Only a few examples are shown here. Every method has an example (and plotting code) in the test folder!

Nonlinear

using SignalDecomposition, PredefinedDynamicalSystems, Random, Statistics
decompose = SignalDecomposition.decompose

he = Systems.henon()
tr, tvec = trajectory(he, 10000; Ttr = 100)
Random.seed!(151521)
z = tr[:, 1]
s = z .+ randn(10001)*0.1*std(z)
m = 5
k = 30
Q = [2, 2, 2, 3, 3, 3, 3]
x, r = decompose(s, ManifoldProjection(m, Q, k))
summary(x)

"10001-element Vector{Float64}"

This method is nicely highlighted once going into the state space and looking at the attractor:

using CairoMakie
fig, ax = scatter(s[1:end-1], s[2:end]; markersize = 4, label = "input")
scatter!(ax, z[1:end-1], z[2:end], markersize = 4, label = "real", color = :black)
scatter!(ax, x[1:end-1], x[2:end], markersize = 3, label = "output", alpha = 0.5, color = :red)
axislegend(ax)
fig

TimeAnomaly and Sinusoidal

using SignalDecomposition, Dates, Random, CairoMakie

Random.seed!(41516)
y = Date(2001):Day(1):Date(2025)
dy = dayofyear.(y)
cy =  @. 4 + 7.2cos(2π*dy/365.26) + 5.6cos(4π*dy/365.26 + 3π/5)
r0 = randn(length(dy))/2
sy = cy .+ r0

x, r = decompose(y, sy, TimeAnomaly())

t = collect(1:length(y)) ./ 365.26 # true time in years

x2, r2 = decompose(t, sy, Sinusoidal([1.0, 2.0]))

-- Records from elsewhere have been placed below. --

(* If an invariant state $\rho$ is supported on $\Omega=\{|-\rangle,|+\rangle,\varphi_{0_1},\varphi_{0_N}\}^\perp$, then $\rho$ is supported on $V$.
   Context: Fix integers $N\ge 2$ and $n_1\ge n_2\ge\dots\ge n_N\ge 1$. Let $\mathcal H$ be a finite-dimensional complex Hilbert space with orthonormal basis $\{|-\rangle,|+\rangle\}\cup\{|a_k\rangle:1\le k\le N,\ 0\le a\le n_k-1\}$. For vectors $x,y$, $|x\rangle\langle y|$ denotes the operator $u\mapsto\langle y,u\rangle x$. Put $E_k=\mathrm{span}\{|a_k\rangle:0\le a\le n_k-1\}$, $P_k$ the orthogonal projection onto $E_k$, $P_\pm=|\pm\rangle\langle\pm|$, $\zeta_k=e^{2\pi i/n_k}$, and $\varphi_{a_k}=n_k^{-1/2}\sum_{b=0}^{n_k-1}\zeta_k^{-ba}|b_k\rangle$ for $0\le a\le n_k-1$. For $1\le k\le N-1$ let $Z_k=n_k^{-1/2}\sum_{b=0}^{n_{k+1}-1}\sum_{a=0}^{n_k-1}\zeta_k^{ba}|b_{k+1}\rangle\langle a_k|$ (an operator on $\mathcal H$), $|Z|_k=Z_k^*Z_k$. The transport operator is $Z=\sum_{k=1}^{N-1}Z_k$. Let $\omega$ range over the set $\{\omega_+,\omega_-,\omega_1,\dots,\omega_{N-1}\}$ of (distinct) Bohr frequencies, and let $\Gamma_{\pm,\omega}>0$, $\gamma_{\pm,\omega}\in\mathbb R$ be constants. Kraus operators: $L_{-,\omega_+}=\sqrt{n_1\Gamma_{-,\omega_+}}|\varphi_{0_1}\rangle\langle +|$, $L_{+,\omega_+}=\sqrt{n_1\Gamma_{+,\omega_+}}|+\rangle\langle\varphi_{0_1}|$, $L_{-,\omega_k}=\sqrt{\Gamma_{-,\omega_k}}Z_k$, $L_{+,\omega_k}=\sqrt{\Gamma_{+,\omega_k}}Z_k^*$ ($1\le k\le N-1$), $L_{-,\omega_-}=\sqrt{\Gamma_{-,\omega_-}}|-\rangle\langle\varphi_{0_N}|$, $L_{+,\omega_-}=0$. Effective Hamiltonian $H_{\mathrm{eff}}=n_1\gamma_{-,\omega_+}P_+-n_1\gamma_{+,\omega_+}|\varphi_{0_1}\rangle\langle\varphi_{0_1}|+\gamma_{-,\omega_-}|\varphi_{0_N}\rangle\langle\varphi_{0_N}|-\gamma_{+,\omega_-}P_-+\sum_{k=1}^{N-1}(\gamma_{-,\omega_k}|Z|_k-\gamma_{+,\omega_k}P_{k+1})$. The generator is $\mathcal L(\rho)=-i[H_{\mathrm{eff}},\rho]+\sum_{\omega}\sum_{\epsilon=\pm}\big(L_{\epsilon,\omega}\rho L_{\epsilon,\omega}^*-\tfrac12\{L_{\epsilon,\omega}^*L_{\epsilon,\omega},\rho\}\big)$. A state is a positive operator of trace one; it is invariant if $\mathcal L(\rho)=0$; an operator is supported on a subspace $E$ if its range is contained in $E$. $V$ is the orthogonal complement of the set $\{|-\rangle,|+\rangle,Z^n\varphi_{0_1},Z^{*n}\varphi_{0_N},Z^{*s}\varphi_{0_{2m+1}}:0\le n\le N-1,\ 1\le m\le (N-1)/2,\ 1\le s\le 2m\}$. *)

theory Defs
  imports Complex_Main
begin

text \<open>Basis labels: KMinus = |->, KPlus = |+>, Site k a = |a_k> (1 <= k <= N, a < n k).
  Vectors are functions idx => complex vanishing off the basis,
  operators are matrices idx => idx => complex vanishing off basis x basis.\<close>

datatype idx = KMinus | KPlus | Site nat nat

datatype sign = SMinus | SPlus

datatype freq = WPlus | WMinus | Wk nat

type_synonym vec = "idx \<Rightarrow> complex"
type_synonym op = "idx \<Rightarrow> idx \<Rightarrow> complex"

definition basis :: "nat \<Rightarrow> (nat \<Rightarrow> nat) \<Rightarrow> idx set" where
  "basis N n = {KMinus, KPlus} \<union> {Site k a | k a. 1 \<le> k \<and> k \<le> N \<and> a < n k}"

definition hspace :: "nat \<Rightarrow> (nat \<Rightarrow> nat) \<Rightarrow> vec set" where
  "hspace N n = {x. \<forall>i. i \<notin> basis N n \<longrightarrow> x i = 0}"

definition is_operator :: "nat \<Rightarrow> (nat \<Rightarrow> nat) \<Rightarrow> op \<Rightarrow> bool" where
  "is_operator N n A \<longleftrightarrow> (\<forall>i j. (i \<notin> basis N n \<or> j \<notin> basis N n) \<longrightarrow> A i j = 0)"

definition inner_h :: "nat \<Rightarrow> (nat \<Rightarrow> nat) \<Rightarrow> vec \<Rightarrow> vec \<Rightarrow> complex" where
  "inner_h N n x y = (\<Sum>i\<in>basis N n. cnj (x i) * y i)"

definition app :: "nat \<Rightarrow> (nat \<Rightarrow> nat) \<Rightarrow> op \<Rightarrow> vec \<Rightarrow> vec" where
  "app N n A x = (\<lambda>i. \<Sum>j\<in>basis N n. A i j * x j)"

definition mmul :: "nat \<Rightarrow> (nat \<Rightarrow> nat) \<Rightarrow> op \<Rightarrow> op \<Rightarrow> op" where
  "mmul N n A C = (\<lambda>i j. \<Sum>l\<in>basis N n. A i l * C l j)"

definition adj :: "op \<Rightarrow> op" where
  "adj A = (\<lambda>i j. cnj (A j i))"

definition outer :: "vec \<Rightarrow> vec \<Rightarrow> op" where
  "outer x y = (\<lambda>i j. x i * cnj (y j))"

definition ket :: "idx \<Rightarrow> vec" where
  "ket i = (\<lambda>j. if j = i then 1 else 0)"

definition zeta :: "(nat \<Rightarrow> nat) \<Rightarrow> nat \<Rightarrow> complex" where
  "zeta n k = cis (2 * pi / real (n k))"

definition phi :: "nat \<Rightarrow> (nat \<Rightarrow> nat) \<Rightarrow> nat \<Rightarrow> nat \<Rightarrow> vec" where
  "phi N n k a = (\<lambda>i. case i of
      Site k' b \<Rightarrow> if k' = k \<and> Site k' b \<in> basis N n
                   then inverse (zeta n k) ^ (b * a) / complex_of_real (sqrt (real (n k)))
                   else 0
    | _ \<Rightarrow> 0)"

definition Zk :: "nat \<Rightarrow> (nat \<Rightarrow> nat) \<Rightarrow> nat \<Rightarrow> op" where
  "Zk N n k = (\<lambda>i j. case (i, j) of
      (Site k1 b, Site k0 a) \<Rightarrow>
         if k1 = k + 1 \<and> k0 = k \<and> Site k1 b \<in> basis N n \<and> Site k0 a \<in> basis N n
         then zeta n k ^ (b * a) / complex_of_real (sqrt (real (n k)))
         else 0
    | _ \<Rightarrow> 0)"

definition absZk :: "nat \<Rightarrow> (nat \<Rightarrow> nat) \<Rightarrow> nat \<Rightarrow> op" where
  "absZk N n k = mmul N n (adj (Zk N n k)) (Zk N n k)"

definition Ztr :: "nat \<Rightarrow> (nat \<Rightarrow> nat) \<Rightarrow> op" where
  "Ztr N n = (\<lambda>i j. \<Sum>k\<in>{1..N-1}. Zk N n k i j)"

definition Pk :: "nat \<Rightarrow> (nat \<Rightarrow> nat) \<Rightarrow> nat \<Rightarrow> op" where
  "Pk N n k = (\<lambda>i j. if i = j \<and> (\<exists>a. i = Site k a \<and> a < n k) \<and> i \<in> basis N n then 1 else 0)"

definition Heff :: "nat \<Rightarrow> (nat \<Rightarrow> nat) \<Rightarrow> (sign \<Rightarrow> freq \<Rightarrow> real) \<Rightarrow> op" where
  "Heff N n g = (\<lambda>i j.
       complex_of_real (real (n 1) * g SMinus WPlus) * outer (ket KPlus) (ket KPlus) i j
     - complex_of_real (real (n 1) * g SPlus WPlus) * outer (phi N n 1 0) (phi N n 1 0) i j
     + complex_of_real (g SMinus WMinus) * outer (phi N n N 0) (phi N n N 0) i j
     - complex_of_real (g SPlus WMinus) * outer (ket KMinus) (ket KMinus) i j
     + (\<Sum>k\<in>{1..N-1}. complex_of_real (g SMinus (Wk k)) * absZk N n k i j
                      - complex_of_real (g SPlus (Wk k)) * Pk N n (k + 1) i j))"
(* Let $A,B\in\mathrm{SL}_2\mathbb{Z}$ be noncommuting, well oriented, with $2\le\mathrm{tr}(A)<\mathrm{tr}(B)$. For every $n\ge1$, any word $w$ of length $n$ such that $[w]$ is maximal among the values $[u]$ for words $u$ of length $n$ does not contain the factor $a^2$.
   Context: Words are finite strings over $\{a,b\}$; a factor is a contiguous subword; $\phi$ is the homomorphism with $\phi(a)=A,\phi(b)=B$, and $[w]=\mathrm{tr}(\phi(w))$. Fixed points are for the Möbius action on $\partial\mathcal{H}=\mathbb{P}^1\mathbb{R}$; $\alpha^\pm$ ($\beta^\pm$) are the attracting/repelling fixed points of $A$ ($B$), both equal to the unique fixed point if parabolic. With $\partial\mathcal{H}$ cyclically ordered and $[\alpha,\beta]$ the closed counterclockwise interval from $\alpha$ to $\beta$, let $I^+=\{\alpha^+\}$ if $\alpha^+=\beta^+$, and otherwise the one of $[\alpha^+,\beta^+],[\beta^+,\alpha^+]$ mapped into itself by both $A$ and $B$ (if it exists); define $I^-$ likewise with $A^{-1},B^{-1},\alpha^-,\beta^-$. The pair is coherently oriented if both exist, and well oriented if $A,B$ is coherently oriented but $A,B^{-1}$ is not. *)

theory Defs
  imports "HOL-Analysis.Analysis"
begin

type_synonym imat = "int^2^2"

definition SL2Z :: "imat set" where
  "SL2Z = {M. det M = 1}"

text \<open>Inverse of a matrix in SL(2,Z) (adjugate).\<close>
definition inv2 :: "imat \<Rightarrow> imat" where
  "inv2 M = (\<chi> i j. if i = j then M $ (if i = 1 then 2 else 1) $ (if i = 1 then 2 else 1)
                      else - M $ i $ j)"

datatype letter = La | Lb

fun phi :: "imat \<Rightarrow> imat \<Rightarrow> letter list \<Rightarrow> imat" where
  "phi A B [] = mat 1"
| "phi A B (La # w) = A ** phi A B w"
| "phi A B (Lb # w) = B ** phi A B w"

definition wtr :: "imat \<Rightarrow> imat \<Rightarrow> letter list \<Rightarrow> int" where
  "wtr A B w = trace (phi A B w)"
(* If the unspecified diameter Sup UNIV of unbounded sets happens to be 0, the single set
   UNIV is a free cover and all Hausdorff measures degenerate. *)
lemma hausdorff_measure_if_Sup_UNIV_eq_0:
  fixes A :: "'a::{real_normed_vector, perfect_space} set"
  assumes "Sup (UNIV :: real set) = 0" "A \<noteq> {}"
  shows "hausdorff_measure t A = (if t = 0 then 1 else 0)"
proof -
  have "diameter (UNIV :: 'a set) = 0"
    using diameter_unbounded[of "UNIV :: 'a set"] assms(1) by simp
  have "hausdorff_pre t \<delta> A \<le> (if t = 0 then 1 else 0)" if "0 < \<delta>" for \<delta>
  proof -
    define U where "U j = (if j = 0 then UNIV else {} :: 'a set)" for j :: nat
    have "hausdorff_pre t \<delta> A \<le> (\<Sum>j. hd_term t (U j))"
      using \<open>diameter (UNIV :: 'a set) = 0\<close> that by (intro hausdorff_pre_le_sum) (auto simp: U_def)
    also have "(\<Sum>j. hd_term t (U j)) = (\<Sum>j\<in>{0}. hd_term t (U j))"
      by (rule suminf_finite) (auto simp: U_def hd_term_def)
    also have "\<dots> = (if t = 0 then 1 else 0)"
      using \<open>diameter (UNIV :: 'a set) = 0\<close> by (simp add: U_def hd_term_def)
    finally show ?thesis .
  qed
  then have "hausdorff_measure t A \<le> (if t = 0 then 1 else 0)"
    unfolding hausdorff_measure_def by (intro SUP_least) auto
  with one_le_hausdorff_measure_0[OF assms(2)] show ?thesis
    by (auto split: if_splits)
qed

fig, ax = lines(t, sy, label = "input")
lines!(ax, t, cy; label = "true periodic", color = :black, linestyle = :dash)
lines!(ax, t, x; label = "TimeAnomaly", alpha = 1.0, color = :red)
lines!(ax, t, x2; label = "Sinusoidal", alpha = 0.5, color = (0.1, 0.8, 0.2))
ax.xlabel = "years"
axislegend(ax)
xlims!(ax, 0, 1) # zoom in
fig

Although not immediately obvious from the figure, Sinusoidal performs better:

rmse(cy, x), rmse(cy, x2)

(0.11986036248063099, 0.049787475009113534)

Furthermore, by construction, the x component of Sinusoidal will always be a smooth function (sum of cosines). TimeAnomaly will typically retain some noise.

Product

using SignalDecomposition, PredefinedDynamicalSystems, CairoMakie
using Statistics: std

ds = Systems.lorenz()
tr, _ = trajectory(ds, 20; Δt = 0.002, Ttr = 100)
lorenzx_slow = tr[:, 1]/std(tr[:, 1])

ds = Systems.roessler()
tr, _ = trajectory(ds, 500.0, Δt = 0.05, Ttr = 10)
roesslerz = tr[:, 3]/std(tr[:, 3])
roesslerz[roesslerz .≤ 0.1] .= 0

s = lorenzx_slow .* roesslerz
m = ProductInversion(roesslerz, 0.1:0.1:10)
x, r = decompose(s, m)

fig, ax = lines(s, label = "input s")
lines!(ax, x .* r, label = "decomposed", linestyle = :dash)
axislegend(ax)
ax, = lines(fig[2,1], lorenzx_slow, label = "original r")
lines!(ax, x, label = "decomposed r")
axislegend(ax)
fig